Над кроватью у Йойо висел довольно своеобразный предмет, основной целью которого, как я понял, было поражать воображение, а возможно даже ввергать в трепет посетителей комнаты. Это был гипсовый слепок с торса, от шеи до середины бедра, вид со спины. Причем на месте пятой точки зиял проем. Надо сказать, особенно в сумерках вид у этого артефакта был действительно жутковатый. Вот только я уже видел такие, поэтому равнодушно скользнул по нему взглядом, улыбнувшись про себя. Мне кажется, Йойо был разочарован. Тем не менее, этот слепок оживил в памяти воспоминания о нескольких месяцах, проведенных в одном санатории. Мне было тогда лет десять. Мы называли эти штуки гипсовые кроватки. В них спали те, у кого были проблемы с позвоночником.
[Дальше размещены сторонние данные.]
definition nat_channel :: "nat \<Rightarrow> ('a \<Rightarrow> nat \<Rightarrow> real) \<Rightarrow> bool" where
  "nat_channel n K \<longleftrightarrow>
     (\<forall>a b. 0 \<le> K a b) \<and> (\<forall>a b. n \<le> b \<longrightarrow> K a b = 0) \<and> (\<forall>a. (\<Sum>b<n. K a b) = 1)"

definition marg :: "('w \<Rightarrow> real) \<Rightarrow> 'w set \<Rightarrow> ('w \<Rightarrow> 'c) \<Rightarrow> 'c \<Rightarrow> real" where
  "marg P S f c = (\<Sum>t\<in>{t\<in>S. f t = c}. P t)"

text \<open>Conditional mutual information I(A;B|C) (in bits), written as the expectation
  of log (p(a,b,c) p(c) / (p(a,c) p(b,c))).  Terms with P t = 0 contribute 0.\<close>
definition cmi :: "('w \<Rightarrow> real) \<Rightarrow> 'w set \<Rightarrow> ('w \<Rightarrow> 'a) \<Rightarrow> ('w \<Rightarrow> 'b) \<Rightarrow> ('w \<Rightarrow> 'c) \<Rightarrow> real" where
  "cmi P S A B C = (\<Sum>t\<in>S. P t *
     log 2 ((marg P S (\<lambda>t. (A t, B t, C t)) (A t, B t, C t) * marg P S C (C t)) /
            (marg P S (\<lambda>t. (A t, C t)) (A t, C t) * marg P S (\<lambda>t. (B t, C t)) (B t, C t))))"

definition joint ::
  "('x \<Rightarrow> 'y \<Rightarrow> real) \<Rightarrow> ('x \<Rightarrow> 'z \<Rightarrow> real) \<Rightarrow> ('y \<Rightarrow> nat \<Rightarrow> real) \<Rightarrow>
   (nat \<Rightarrow> 'z \<Rightarrow> nat \<Rightarrow> real) \<Rightarrow> (nat \<Rightarrow> nat \<Rightarrow> 'x \<Rightarrow> 'y \<Rightarrow> nat \<Rightarrow> real) \<Rightarrow>
   ('x \<times> 'y \<times> 'z \<times> nat \<times> nat \<times> nat) \<Rightarrow> real" where
  "joint pxy pzx pu pv pw = (\<lambda>(x,y,z,u,v,w).
      pxy x y * pzx x z * pu y u * pv u z v * pw u v x y w)"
Я наблюдал однажды, как их делали: обильно смазав вазелином плечи, спину и прочие необходимые участки, лежащей на высокой кушетке жертвы, два санитара быстро и аккуратно шлепали прямо на покрытую мурашками кожу, широкие куски полотна, пропитанные гипсовым раствором. Закованный в этот своеобразный панцирь пленник какое-то время неподвижно, подобно черепахе, лежал и ждал, когда схватится и затвердеет гипс, после чего его освобождали, и он летел в душ отмываться. Готовую, окончательно просохшую, сияющую свежей белизной и слегка пачкавшую руки, «кроватку» выдавали владельцу спустя пару дней. Чтобы спать в ней было мягче, в область лопаток подкладывали сложенное в несколько раз тонкое казенное полотенце, а сверху стелили простынку. Лежать в них полагалось строго на спине, за этим следили во время нечастых ночных проверок, но наши все равно умудрялся устроиться в более комфортных позах, на животе и даже на боку. Трудно сказать была ли от них реальная польза для осанки, но с этими штуками было здорово устраивать всякие розыгрыши и пугать девчонок из соседнего корпуса, что мы и делали с большим удовольствием.

Не могу сказать точно, по какой причине, после очередного медосмотра, меня упекли в это спецучреждение, расположенное на окраине большого поселка, но, как ни странно, мне там понравилось. Даже, несмотря на то, что среди его обитателей, моих друзей, немало было тех, кто, заставил бы вас торопливо и смущенно отвести взгляд, встреть вы их на улице. Я сам вначале чувствовал себя довольно неуютно в окружении детей с выпирающими из-под одежды горбами, перекрученными телами, странными, взрослыми глазами на ребяческих лицах. Среди которых, считалось нормальным, и даже довольно увлекательным, обсуждение различных деформации позвоночника, предстоящих операций, перспективы не один месяц пролежать закованным в жесткий гипсовый корсет, и того, как здорово будет потом… После полугода пребывания там, я уже неплохо разбирался в сколиозах и кифозах. Виды скелетных деформаций изучил с максимальной степенью наглядности, наслушался леденящих кровь историй о переломах позвоночника и прочих злободневных вещах. Что, откровенно говоря, в атмосфере этого места воспринималось вполне нормально и мало омрачало общий оптимистичный настрой. Да и не так уж много времени занимали эти разговоры в нашей тогдашней жизни, которая в остальном мало, чем отличалась от жизни обычных мальчишек и девчонок. Мы ходили в походы, в том числе и ночные. Сидя у костра на берегу широкой, зачарованно блестевшей в лунном свете, реки, с легким плеском катившей в темноте свои воды, окруженные стеной ночного леса, полного таинственных шорохов и свежих, острых запахов, затаив дыхание, временами замирая от восторга и ужаса, слушали страшные истории, которые нам рассказывали старшие товарищи. А потом пересказывали их другим своим приятелям, в свою очередь, наслаждаясь выражением жгучего интереса на их лицах.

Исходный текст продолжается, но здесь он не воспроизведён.